- TASK PROMPT
Which lines in the data contain the word "fixes"? Please copy each of them.

[Stored data entries]

*-*-*

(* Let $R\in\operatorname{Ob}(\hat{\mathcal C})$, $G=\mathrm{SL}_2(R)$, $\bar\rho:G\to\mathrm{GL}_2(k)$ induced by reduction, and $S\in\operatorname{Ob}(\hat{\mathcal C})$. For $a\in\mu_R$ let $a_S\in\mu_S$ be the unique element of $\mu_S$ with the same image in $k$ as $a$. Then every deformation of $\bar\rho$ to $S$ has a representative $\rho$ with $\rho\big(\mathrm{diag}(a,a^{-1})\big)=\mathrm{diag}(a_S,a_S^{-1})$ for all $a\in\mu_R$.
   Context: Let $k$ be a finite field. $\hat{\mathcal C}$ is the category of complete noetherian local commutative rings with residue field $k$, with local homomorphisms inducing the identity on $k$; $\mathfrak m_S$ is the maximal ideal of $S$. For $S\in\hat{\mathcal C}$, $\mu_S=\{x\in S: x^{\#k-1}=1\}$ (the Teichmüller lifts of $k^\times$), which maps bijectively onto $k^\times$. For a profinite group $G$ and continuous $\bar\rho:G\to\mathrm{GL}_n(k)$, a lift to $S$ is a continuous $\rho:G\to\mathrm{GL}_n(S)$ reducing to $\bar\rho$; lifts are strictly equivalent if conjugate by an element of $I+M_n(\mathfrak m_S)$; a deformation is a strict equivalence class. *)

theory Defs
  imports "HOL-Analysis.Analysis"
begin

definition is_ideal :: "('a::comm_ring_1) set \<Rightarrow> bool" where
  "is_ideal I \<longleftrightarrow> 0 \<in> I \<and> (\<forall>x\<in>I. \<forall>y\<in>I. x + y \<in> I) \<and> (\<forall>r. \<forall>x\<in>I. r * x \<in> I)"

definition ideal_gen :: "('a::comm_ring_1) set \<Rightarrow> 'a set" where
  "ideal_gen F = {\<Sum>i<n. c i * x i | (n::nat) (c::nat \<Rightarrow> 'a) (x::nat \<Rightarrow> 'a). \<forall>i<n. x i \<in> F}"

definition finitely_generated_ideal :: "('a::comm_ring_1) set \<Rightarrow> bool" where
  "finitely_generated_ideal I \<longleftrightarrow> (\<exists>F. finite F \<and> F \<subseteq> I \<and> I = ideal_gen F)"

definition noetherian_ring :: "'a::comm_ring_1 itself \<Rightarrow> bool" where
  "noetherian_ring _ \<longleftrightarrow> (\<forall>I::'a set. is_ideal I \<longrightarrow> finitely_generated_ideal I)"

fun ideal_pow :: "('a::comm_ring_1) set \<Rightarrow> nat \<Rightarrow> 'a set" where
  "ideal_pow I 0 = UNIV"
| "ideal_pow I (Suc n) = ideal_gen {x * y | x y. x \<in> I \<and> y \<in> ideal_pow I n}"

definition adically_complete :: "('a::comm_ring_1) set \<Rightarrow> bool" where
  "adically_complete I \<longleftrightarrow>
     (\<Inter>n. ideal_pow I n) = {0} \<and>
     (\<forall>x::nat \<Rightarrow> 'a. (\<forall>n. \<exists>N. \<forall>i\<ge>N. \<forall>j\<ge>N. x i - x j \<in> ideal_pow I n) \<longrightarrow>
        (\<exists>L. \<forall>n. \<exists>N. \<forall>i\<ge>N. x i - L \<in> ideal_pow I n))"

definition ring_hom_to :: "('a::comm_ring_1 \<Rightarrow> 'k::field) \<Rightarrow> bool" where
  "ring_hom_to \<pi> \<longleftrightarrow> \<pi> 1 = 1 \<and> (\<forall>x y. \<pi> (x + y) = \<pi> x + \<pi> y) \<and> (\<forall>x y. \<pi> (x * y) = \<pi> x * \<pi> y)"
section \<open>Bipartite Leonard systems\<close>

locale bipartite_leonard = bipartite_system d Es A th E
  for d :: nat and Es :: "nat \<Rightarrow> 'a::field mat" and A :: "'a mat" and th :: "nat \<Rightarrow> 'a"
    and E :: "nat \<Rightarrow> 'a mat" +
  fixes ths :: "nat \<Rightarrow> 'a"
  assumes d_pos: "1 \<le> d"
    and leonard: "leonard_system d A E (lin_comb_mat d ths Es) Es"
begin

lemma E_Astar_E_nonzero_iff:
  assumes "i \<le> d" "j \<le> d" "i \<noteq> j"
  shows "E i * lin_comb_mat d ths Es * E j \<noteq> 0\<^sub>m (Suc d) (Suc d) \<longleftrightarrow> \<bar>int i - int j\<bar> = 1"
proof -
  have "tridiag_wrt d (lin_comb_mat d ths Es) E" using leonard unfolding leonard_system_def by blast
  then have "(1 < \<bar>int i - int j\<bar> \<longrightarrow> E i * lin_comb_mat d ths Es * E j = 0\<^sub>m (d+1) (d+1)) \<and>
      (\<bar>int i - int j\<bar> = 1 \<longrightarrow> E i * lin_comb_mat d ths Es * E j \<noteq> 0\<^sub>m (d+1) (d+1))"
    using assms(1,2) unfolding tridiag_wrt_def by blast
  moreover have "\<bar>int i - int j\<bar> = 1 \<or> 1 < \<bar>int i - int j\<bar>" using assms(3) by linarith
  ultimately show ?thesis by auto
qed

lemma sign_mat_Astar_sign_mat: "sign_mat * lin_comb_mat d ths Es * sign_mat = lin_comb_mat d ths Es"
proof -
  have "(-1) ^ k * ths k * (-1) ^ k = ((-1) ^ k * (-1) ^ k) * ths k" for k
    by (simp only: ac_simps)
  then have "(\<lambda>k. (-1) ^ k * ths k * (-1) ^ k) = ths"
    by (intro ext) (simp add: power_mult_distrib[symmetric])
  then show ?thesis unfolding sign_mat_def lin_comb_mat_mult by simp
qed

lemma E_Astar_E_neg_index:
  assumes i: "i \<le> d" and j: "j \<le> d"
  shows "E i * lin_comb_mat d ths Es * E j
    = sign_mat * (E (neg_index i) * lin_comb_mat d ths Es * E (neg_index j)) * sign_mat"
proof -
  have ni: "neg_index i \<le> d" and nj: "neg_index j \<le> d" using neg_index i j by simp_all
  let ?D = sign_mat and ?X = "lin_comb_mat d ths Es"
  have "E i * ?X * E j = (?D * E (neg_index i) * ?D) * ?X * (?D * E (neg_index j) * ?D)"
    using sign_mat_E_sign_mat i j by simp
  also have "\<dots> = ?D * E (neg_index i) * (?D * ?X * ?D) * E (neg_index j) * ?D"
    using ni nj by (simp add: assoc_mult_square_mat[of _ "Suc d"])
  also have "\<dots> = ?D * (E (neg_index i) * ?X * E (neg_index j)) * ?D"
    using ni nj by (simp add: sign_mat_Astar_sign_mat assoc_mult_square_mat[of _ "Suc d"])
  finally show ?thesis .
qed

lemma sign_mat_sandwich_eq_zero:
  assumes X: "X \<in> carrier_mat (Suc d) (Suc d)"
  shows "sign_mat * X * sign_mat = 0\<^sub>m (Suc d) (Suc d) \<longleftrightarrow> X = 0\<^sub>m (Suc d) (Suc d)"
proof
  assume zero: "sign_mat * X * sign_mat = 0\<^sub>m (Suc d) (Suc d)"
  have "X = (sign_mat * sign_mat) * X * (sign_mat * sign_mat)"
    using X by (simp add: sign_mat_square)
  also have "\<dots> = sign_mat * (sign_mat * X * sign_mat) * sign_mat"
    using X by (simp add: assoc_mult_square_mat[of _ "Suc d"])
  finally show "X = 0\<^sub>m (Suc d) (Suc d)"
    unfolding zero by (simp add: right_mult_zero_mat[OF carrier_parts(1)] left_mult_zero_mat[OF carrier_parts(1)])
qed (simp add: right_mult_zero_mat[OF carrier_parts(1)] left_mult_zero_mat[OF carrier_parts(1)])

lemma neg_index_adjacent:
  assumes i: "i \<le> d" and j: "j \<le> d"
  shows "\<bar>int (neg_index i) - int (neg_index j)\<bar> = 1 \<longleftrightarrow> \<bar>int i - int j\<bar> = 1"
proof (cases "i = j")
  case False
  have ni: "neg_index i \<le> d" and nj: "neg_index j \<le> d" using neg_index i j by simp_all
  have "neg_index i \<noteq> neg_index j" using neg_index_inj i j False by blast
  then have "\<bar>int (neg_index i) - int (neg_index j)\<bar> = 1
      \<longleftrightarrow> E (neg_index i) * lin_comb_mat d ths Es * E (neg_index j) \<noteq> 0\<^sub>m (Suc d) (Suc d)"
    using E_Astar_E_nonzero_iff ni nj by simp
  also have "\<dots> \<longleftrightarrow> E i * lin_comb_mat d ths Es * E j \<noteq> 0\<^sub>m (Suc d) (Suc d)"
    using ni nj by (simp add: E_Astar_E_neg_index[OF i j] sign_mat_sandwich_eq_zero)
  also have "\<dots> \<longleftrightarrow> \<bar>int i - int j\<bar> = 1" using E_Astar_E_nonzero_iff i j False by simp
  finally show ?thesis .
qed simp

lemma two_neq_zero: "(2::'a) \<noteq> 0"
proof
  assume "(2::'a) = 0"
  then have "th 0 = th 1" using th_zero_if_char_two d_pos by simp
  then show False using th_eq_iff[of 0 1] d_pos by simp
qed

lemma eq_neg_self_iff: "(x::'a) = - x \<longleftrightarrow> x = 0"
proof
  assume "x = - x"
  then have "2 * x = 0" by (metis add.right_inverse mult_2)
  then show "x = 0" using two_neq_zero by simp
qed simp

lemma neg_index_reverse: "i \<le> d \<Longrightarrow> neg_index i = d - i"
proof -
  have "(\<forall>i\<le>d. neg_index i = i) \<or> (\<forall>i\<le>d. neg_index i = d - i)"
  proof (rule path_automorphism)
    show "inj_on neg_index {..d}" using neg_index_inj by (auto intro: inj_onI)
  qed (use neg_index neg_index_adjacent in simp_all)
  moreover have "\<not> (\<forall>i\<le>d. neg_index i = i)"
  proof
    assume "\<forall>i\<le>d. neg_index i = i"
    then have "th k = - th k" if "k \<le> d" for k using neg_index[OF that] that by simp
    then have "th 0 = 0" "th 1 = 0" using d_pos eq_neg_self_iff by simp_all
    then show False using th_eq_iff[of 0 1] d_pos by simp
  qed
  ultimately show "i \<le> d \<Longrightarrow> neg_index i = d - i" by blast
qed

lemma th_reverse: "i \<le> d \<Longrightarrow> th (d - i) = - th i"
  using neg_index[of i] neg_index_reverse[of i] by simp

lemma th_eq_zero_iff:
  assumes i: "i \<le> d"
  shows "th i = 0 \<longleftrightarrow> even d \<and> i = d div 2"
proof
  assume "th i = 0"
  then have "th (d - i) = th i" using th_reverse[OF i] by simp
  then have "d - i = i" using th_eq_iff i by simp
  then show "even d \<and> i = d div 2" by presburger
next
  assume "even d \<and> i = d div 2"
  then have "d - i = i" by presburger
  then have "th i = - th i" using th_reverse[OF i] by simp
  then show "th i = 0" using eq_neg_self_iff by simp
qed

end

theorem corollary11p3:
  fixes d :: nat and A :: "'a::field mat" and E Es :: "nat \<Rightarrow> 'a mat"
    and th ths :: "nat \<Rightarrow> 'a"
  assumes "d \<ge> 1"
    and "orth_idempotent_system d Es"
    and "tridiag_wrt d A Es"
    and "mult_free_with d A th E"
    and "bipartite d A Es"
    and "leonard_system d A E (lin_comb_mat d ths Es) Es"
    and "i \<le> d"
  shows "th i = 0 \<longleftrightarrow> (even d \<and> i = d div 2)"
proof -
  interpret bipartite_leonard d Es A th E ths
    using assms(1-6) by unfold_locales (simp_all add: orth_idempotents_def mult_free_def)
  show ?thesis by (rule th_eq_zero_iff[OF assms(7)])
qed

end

*-*-*

- RESULT FOR THIS TASK
  fixes ths :: "nat \<Rightarrow> 'a"
  fixes d :: nat and A :: "'a::field mat" and E Es :: "nat \<Rightarrow> 'a mat"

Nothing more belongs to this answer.